Вздрогнул и оглянулся. Никого в чуме не было. Надо же, такой явственный голос!
Он чувствовал себя легко и свободно. Откинув полог, ахнул. Звездная ночь перемешала Небеса и Землю. Звездное мерцание и вибрация в немыслимых, ярчайших узорах. Небесные лампады шепчут, щекочут, поют. И показалось, что он где-то между мирами, где-то на краю Земли.

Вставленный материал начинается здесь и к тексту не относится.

(* If $G$ is a connected graph with $|V(G)| = n > 1$, then some value occurs at least $\left\lceil 2n/\tau(G) \right\rceil$ times in the detour sequence of $G$ (that is, the detour sequence of $G$ has a repetition of length at least $\lceil 2n/\tau(G)\rceil$).
   Context: All graphs are finite and simple. The order of a path is its number of vertices. For a vertex $v$ of $G$, $\tau(v)$ is the order of a longest path in $G$ having $v$ as an endvertex, and $\tau(G)=\max_v \tau(v)$ is the order of a longest path in $G$. The detour sequence of $G$ is the nondecreasing sequence of the values $\tau(v)$, $v\in V(G)$ (one term per vertex). A repetition in a nondecreasing sequence is a maximal block of at least two consecutive equal terms; its length is the number of terms in the block. *)

theory Defs
  imports Complex_Main
begin

definition simple_graph :: "'a set \<Rightarrow> ('a \<Rightarrow> 'a \<Rightarrow> bool) \<Rightarrow> bool" where
  "simple_graph V E \<longleftrightarrow> finite V \<and> (\<forall>x y. E x y \<longrightarrow> x \<in> V \<and> y \<in> V)
     \<and> (\<forall>x y. E x y \<longrightarrow> E y x) \<and> (\<forall>x. \<not> E x x)"

text \<open>A path is a nonempty list of distinct vertices, consecutive ones adjacent.
  Its order is its length (number of vertices).\<close>
definition is_path :: "'a set \<Rightarrow> ('a \<Rightarrow> 'a \<Rightarrow> bool) \<Rightarrow> 'a list \<Rightarrow> bool" where
  "is_path V E p \<longleftrightarrow> p \<noteq> [] \<and> distinct p \<and> set p \<subseteq> V
     \<and> (\<forall>i. Suc i < length p \<longrightarrow> E (p ! i) (p ! Suc i))"

definition connected_graph :: "'a set \<Rightarrow> ('a \<Rightarrow> 'a \<Rightarrow> bool) \<Rightarrow> bool" where
  "connected_graph V E \<longleftrightarrow>
     (\<forall>u\<in>V. \<forall>w\<in>V. \<exists>p. is_path V E p \<and> hd p = u \<and> last p = w)"

definition tau :: "'a set \<Rightarrow> ('a \<Rightarrow> 'a \<Rightarrow> bool) \<Rightarrow> 'a \<Rightarrow> nat" where
  "tau V E v = Max {length p | p. is_path V E p \<and> (hd p = v \<or> last p = v)}"

definition tauG :: "'a set \<Rightarrow> ('a \<Rightarrow> 'a \<Rightarrow> bool) \<Rightarrow> nat" where
  "tauG V E = Max {length p | p. is_path V E p}"

end

(* Let P be a longest path, of order L = tau(G). A vertex P!i of P is an end of the
   subpaths P[0..i] and P[i..], so its tau is at least (L + 2)/2 unless L is odd and it is
   the middle vertex of P. A vertex v off P reaches P along a path a that meets P only after
   its last vertex, at some P!i; both a @ P[i..] and P[0..i] @ rev a are paths ending at v,
   giving 2 tau(v) >= L + 3. So, apart from possibly the middle vertex, all tau-values lie
   among the L div 2 integers k with L + 2 <= 2k <= L, and by pigeonhole one of them is
   taken at least 2n/L times; in the odd case the lost middle vertex is absorbed by L <= n. *)

theory Submission
  imports Defs
begin

lemma is_path_iff_successively:
  "is_path V E p \<longleftrightarrow> p \<noteq> [] \<and> distinct p \<and> set p \<subseteq> V \<and> successively E p"
  by (simp add: is_path_def successively_conv_nth)

lemma is_path_append_iff:
  assumes "xs \<noteq> []" "ys \<noteq> []"
  shows "is_path V E (xs @ ys) \<longleftrightarrow>
    is_path V E xs \<and> is_path V E ys \<and> E (last xs) (hd ys) \<and> set xs \<inter> set ys = {}"
  using assms by (auto simp: is_path_iff_successively successively_append_iff)

lemma is_path_take: "is_path V E p \<Longrightarrow> 0 < k \<Longrightarrow> is_path V E (take k p)"
  using is_path_append_iff[of "take k p" "drop k p" V E]
  by (cases "k < length p") (auto simp: is_path_def)

lemma is_path_drop: "is_path V E p \<Longrightarrow> k < length p \<Longrightarrow> is_path V E (drop k p)"
  using is_path_append_iff[of "take k p" "drop k p" V E]
  by (cases "k = 0") (auto simp: is_path_def)

lemma is_path_rev: "symp E \<Longrightarrow> is_path V E p \<Longrightarrow> is_path V E (rev p)"
  by (auto simp: is_path_iff_successively symp_def elim: successively_mono)

lemma is_path_singleton: "v \<in> V \<Longrightarrow> is_path V E [v]"
  by (simp add: is_path_def)

lemma symp_if_simple_graph: "simple_graph V E \<Longrightarrow> symp E"
  by (simp add: simple_graph_def symp_def)

lemma finite_paths: "finite V \<Longrightarrow> finite {p. is_path V E p}"
  by (rule finite_subset[OF _ finite_subset_distinct]) (auto simp: is_path_def)

lemma length_path_le_card: "finite V \<Longrightarrow> is_path V E p \<Longrightarrow> length p \<le> card V"
  by (metis card_mono distinct_card is_path_def)

lemma length_le_tau:
  assumes "finite V" "is_path V E p" "hd p = v \<or> last p = v"
  shows "length p \<le> tau V E v"
  unfolding tau_def
  by (rule Max_ge) (use assms finite_paths[OF assms(1), of E] in auto)

lemma tau_le_tauG:
  assumes "finite V" "v \<in> V"
  shows "tau V E v \<le> tauG V E"
  unfolding tau_def tauG_def
proof (rule Max_mono)
  have "is_path V E [v]"
    using assms(2) by (rule is_path_singleton)
  then show "{length p |p. is_path V E p \<and> (hd p = v \<or> last p = v)} \<noteq> {}"
    by force
  show "finite {length p |p. is_path V E p}"
    using finite_paths[OF assms(1), of E] by simp
qed auto

lemma longest_path_exists:
  assumes "finite V" "V \<noteq> {}"
  obtains p where "is_path V E p" "length p = tauG V E"
proof -
  obtain v where "v \<in> V"
    using assms(2) by blast
  then have "is_path V E [v]"
    by (rule is_path_singleton)
  then have "tauG V E \<in> {length p |p. is_path V E p}"
    unfolding tauG_def using finite_paths[OF assms(1), of E] by (intro Max_in) auto
  then show thesis
    using that by auto
qed

lemma tau_nth_path_ge:
  assumes "finite V" "is_path V E p" "i < length p"
  shows "Suc i \<le> tau V E (p ! i)" "length p - i \<le> tau V E (p ! i)"
proof -
  have "is_path V E (take (Suc i) p)"
    using assms(2) by (rule is_path_take) simp
  moreover have "last (take (Suc i) p) = p ! i"
    using assms(3) by (simp add: take_Suc_conv_app_nth)
  ultimately
  show "Suc i \<le> tau V E (p ! i)"
    using length_le_tau[OF assms(1)] assms(3) by fastforce
  have "is_path V E (drop i p)" "hd (drop i p) = p ! i"
    using assms by (simp_all add: is_path_drop hd_drop_conv_nth)
  then show "length p - i \<le> tau V E (p ! i)"
    using length_le_tau[OF assms(1)] by fastforce
qed

lemma path_ending_next_to_set:
  assumes "connected_graph V E" "v \<in> V" "v \<notin> S" "w \<in> V" "w \<in> S"
  obtains a u where "is_path V E a" "hd a = v" "set a \<inter> S = {}" "u \<in> S" "E (last a) u"
proof -
  obtain q where q: "is_path V E q" "hd q = v" "last q = w"
    using assms unfolding connected_graph_def by blast
  define a where "a = takeWhile (\<lambda>x. x \<notin> S) q"
  define r where "r = dropWhile (\<lambda>x. x \<notin> S) q"
  have "q \<noteq> []"
    using q(1) by (simp add: is_path_def)
  then have "a \<noteq> []"
    using q(2) assms(3) by (cases q) (auto simp: a_def)
  have "r \<noteq> []"
    using \<open>q \<noteq> []\<close> q(3) assms(5) by (auto simp: r_def)
  then have "hd r \<in> S"
    unfolding r_def using hd_dropWhile by blast
  have "is_path V E (a @ r)"
    using q(1) by (simp add: a_def r_def)
  then have "is_path V E a" "E (last a) (hd r)"
    using is_path_append_iff[OF \<open>a \<noteq> []\<close> \<open>r \<noteq> []\<close>] by auto
  moreover have "hd a = v"
    using q(2) assms(3) \<open>q \<noteq> []\<close> by (cases q) (auto simp: a_def)
  moreover have "set a \<inter> S = {}"
    by (auto simp: a_def dest: set_takeWhileD)
  ultimately show thesis
    using that \<open>hd r \<in> S\<close> by blast
qed

lemma tau_off_path_ge:
  assumes "simple_graph V E" "connected_graph V E" "is_path V E p" "v \<in> V" "v \<notin> set p"
  shows "length p + 3 \<le> 2 * tau V E v"
proof -
  have fin: "finite V"
    using assms(1) by (simp add: simple_graph_def)
  have "p \<noteq> []" "set p \<subseteq> V"
    using assms(3) by (simp_all add: is_path_def)
  then have "hd p \<in> V \<inter> set p"
    by auto
  then obtain a u where a: "is_path V E a" "hd a = v" "set a \<inter> set p = {}"
    and "u \<in> set p" "E (last a) u"
    using path_ending_next_to_set[OF assms(2,4,5)] by blast
  then obtain i where i: "i < length p" "u = p ! i"
    by (metis in_set_conv_nth)
  have "a \<noteq> []"
    using a(1) by (simp add: is_path_def)
  have "is_path V E (drop i p)"
    using assms(3) i(1) by (rule is_path_drop)
  moreover have "set (drop i p) \<subseteq> set p"
    by (rule set_drop_subset)
  moreover have "drop i p \<noteq> []"
    using i(1) by simp
  ultimately have "is_path V E (a @ drop i p)"
    using a \<open>E (last a) u\<close> i
    by (auto simp: is_path_append_iff[OF \<open>a \<noteq> []\<close>] hd_drop_conv_nth)
  then have to_end: "length a + (length p - i) \<le> tau V E v"
    using length_le_tau[OF fin] a(2) \<open>a \<noteq> []\<close> by fastforce
  have "is_path V E (take (Suc i) p)"
    using assms(3) by (rule is_path_take) simp
  moreover have "take (Suc i) p \<noteq> []" "last (take (Suc i) p) = p ! i"
    using i(1) by (simp_all add: take_Suc_conv_app_nth)
  moreover have "is_path V E (rev a)"
    using is_path_rev[OF symp_if_simple_graph[OF assms(1)] a(1)] .
  moreover have "set (take (Suc i) p) \<subseteq> set p"
    by (rule set_take_subset)
  moreover have "E (p ! i) (last a)"
    using \<open>E (last a) u\<close> i(2) symp_if_simple_graph[OF assms(1)] by (simp add: sympD)
  ultimately have "is_path V E (take (Suc i) p @ rev a)"
    using a(3) \<open>a \<noteq> []\<close> by (auto simp: is_path_append_iff hd_rev)
  then have to_start: "Suc i + length a \<le> tau V E v"
    using length_le_tau[OF fin] a(2) \<open>a \<noteq> []\<close> i(1) by (fastforce simp: last_rev)
  show ?thesis
    using to_end to_start i(1) \<open>a \<noteq> []\<close> by (cases a) auto
qed

lemma off_centre_index_bound:
  fixes i L t :: nat
  assumes "i < L" "\<not> (odd L \<and> i = L div 2)" "Suc i \<le> t" "L - i \<le> t"
  shows "L + 2 \<le> 2 * t"
  using assms by arith

lemma tau_ge_half_path:
  assumes "simple_graph V E" "connected_graph V E" "is_path V E p" "v \<in> V"
    and "\<not> (odd (length p) \<and> v = p ! (length p div 2))"
  shows "length p + 2 \<le> 2 * tau V E v"
proof (cases "v \<in> set p")
  case True
  then obtain i where i: "i < length p" "v = p ! i"
    by (metis in_set_conv_nth)
  moreover have "finite V"
    using assms(1) by (simp add: simple_graph_def)
  ultimately have "Suc i \<le> tau V E v" "length p - i \<le> tau V E v"
    using tau_nth_path_ge assms(3) by blast+
  moreover have "\<not> (odd (length p) \<and> i = length p div 2)"
    using assms(5) i(2) by blast
  ultimately show ?thesis
    using i(1) by (intro off_centre_index_bound)
next
  case False
  then show ?thesis
    using tau_off_path_ge[OF assms(1-4)] by simp
qed

lemma card_le_card_tau_ge_half_path:
  assumes "simple_graph V E" "connected_graph V E" "is_path V E p"
  shows "card V \<le> card {v \<in> V. length p + 2 \<le> 2 * tau V E v} + length p mod 2"
proof -
  let ?S = "{v \<in> V. length p + 2 \<le> 2 * tau V E v}"
  have "finite ?S"
    using assms(1) by (simp add: simple_graph_def)
  show ?thesis
  proof (cases "even (length p)")
    case True
    then have "V \<subseteq> ?S"
      using tau_ge_half_path[OF assms] by blast
    then have "card V \<le> card ?S"
      by (rule card_mono[OF \<open>finite ?S\<close>])
    then show ?thesis
      by linarith
  next
    case False
    let ?m = "p ! (length p div 2)"
    have "V - {?m} \<subseteq> ?S"
      using tau_ge_half_path[OF assms] by blast
    then have "card (V - {?m}) \<le> card ?S"
      by (rule card_mono[OF \<open>finite ?S\<close>])
    moreover have "card V - 1 \<le> card (V - {?m})"
      using diff_card_le_card_Diff[of "{?m}" V] by simp
    moreover have "length p mod 2 = 1"
      using False by presburger
    ultimately show ?thesis
      by arith
  qed
qed

lemma card_le_card_mult_card_fibre:
  assumes "finite A" "finite K" "f ` A \<subseteq> K"
  obtains k where "card A \<le> card K * card {a \<in> A. f a = k}"
proof (cases "K = {}")
  case True
  then show thesis
    using assms(3) that by simp
next
  case False
  let ?fibre = "\<lambda>k. card {a \<in> A. f a = k}"
  have "Max (?fibre ` K) \<in> ?fibre ` K"
    using assms(2) False by (intro Max_in) auto
  then obtain k where "?fibre k = Max (?fibre ` K)"
    by force
  then have fibre_le: "?fibre k' \<le> ?fibre k" if "k' \<in> K" for k'
    using assms(2) that by simp
  have "card A = (\<Sum>k\<in>K. ?fibre k)"
    using sum.group[OF assms, of "\<lambda>_. 1 :: nat"] by simp
  also have "\<dots> \<le> card K * ?fibre k"
    using sum_bounded_above[of K ?fibre "?fibre k"] fibre_le by simp
  finally show thesis
    by (rule that)
qed

lemma card_upper_half: "card {k. L + 2 \<le> 2 * k \<and> k \<le> L} = L div 2"
proof -
  have "{k. L + 2 \<le> 2 * k \<and> k \<le> L} = {(L + 3) div 2..L}"
    by (auto; presburger)
  then show ?thesis
    by simp
qed

lemma two_mul_le_of_half_bound:
  fixes n a L c :: nat
  assumes "n \<le> a + L mod 2" "a \<le> L div 2 * c" "L \<le> n" "1 < n"
  shows "2 * n \<le> L * c"
proof (cases "even L")
  case True
  then show ?thesis
    using assms(1,2) by (auto elim!: evenE)
next
  case False
  then obtain h where L: "L = 2 * h + 1"
    by (metis oddE)
  then have half: "L div 2 = h"
    by simp
  have "2 \<le> c"
  proof (rule ccontr)
    assume "\<not> 2 \<le> c"
    then have "h * c \<le> h"
      using mult_le_mono2[of c 1 h] by linarith
    then have "a \<le> h"
      using assms(2) unfolding half by linarith
    then show False
      using assms L by simp
  qed
  then show ?thesis
    using assms(1,2) L by (simp add: algebra_simps)
qed

lemma ceiling_divide_le:
  fixes a b c :: nat
  assumes "a \<le> b * c"
  shows "\<lceil>real a / real b\<rceil> \<le> int c"
proof (cases "b = 0")
  case False
  then have "real a / real b \<le> real c"
    using assms by (simp add: divide_le_eq mult.commute of_nat_mult[symmetric] del: of_nat_mult)
  then show ?thesis
    by (simp add: ceiling_le_iff)
qed simp

theorem theorem1p7:
  fixes V :: "'a set" and E :: "'a \<Rightarrow> 'a \<Rightarrow> bool" and n :: nat
  assumes "simple_graph V E" and "connected_graph V E"
    and "card V = n" and "n > 1"
  shows "\<exists>k. of_nat (card {v \<in> V. tau V E v = k})
              \<ge> \<lceil>2 * real n / real (tauG V E)\<rceil>"
proof -
  let ?L = "tauG V E" and ?K = "{j. tauG V E + 2 \<le> 2 * j \<and> j \<le> tauG V E}"
  have fin: "finite V"
    using assms(1) by (simp add: simple_graph_def)
  have "V \<noteq> {}"
    using assms(3,4) by auto
  then obtain P where P: "is_path V E P" "length P = ?L"
    using longest_path_exists[OF fin] by blast
  define A where "A = {v \<in> V. ?L + 2 \<le> 2 * tau V E v}"
  have "finite A" "finite ?K"
    using fin by (simp_all add: A_def)
  moreover have "tau V E ` A \<subseteq> ?K"
    using tau_le_tauG[OF fin] by (auto simp: A_def)
  ultimately obtain k where "card A \<le> card ?K * card {v \<in> A. tau V E v = k}"
    by (rule card_le_card_mult_card_fibre)
  also have "\<dots> \<le> ?L div 2 * card {v \<in> V. tau V E v = k}"
    unfolding card_upper_half using fin by (intro mult_le_mono2 card_mono) (auto simp: A_def)
  finally have "card A \<le> ?L div 2 * card {v \<in> V. tau V E v = k}" .
  moreover have "n \<le> card A + ?L mod 2"
    using card_le_card_tau_ge_half_path[OF assms(1,2) P(1)] P(2) assms(3) by (simp add: A_def)
  moreover have "?L \<le> n"
    using length_path_le_card[OF fin P(1)] P(2) assms(3) by simp
  ultimately have "2 * n \<le> ?L * card {v \<in> V. tau V E v = k}"
    using assms(4) by (intro two_mul_le_of_half_bound)
  then show ?thesis
    using ceiling_divide_le by fastforce
qed

end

Ступил на хорошо видимую тропинку и пошагал по ней, слегка прихрамывая. Ночная прохлада вливалась в него живительными струями, мужчина чувствовал себя бодро, как никогда.
Тропинка привела его к матовому озеру. Будто маслянистое и почти черное. Оно полной чашей поднебесной отражало рой звездных огней. Но ни трогать эту воду, ни тем более купаться в ней ему не хотелось. Странное озеро вызывало какой-то магический, древний ужас. Он повернул обратно и вскоре, к своей величайшей радости, был уже в чуме. Проснулся под утро и посмеялся над своими страхами.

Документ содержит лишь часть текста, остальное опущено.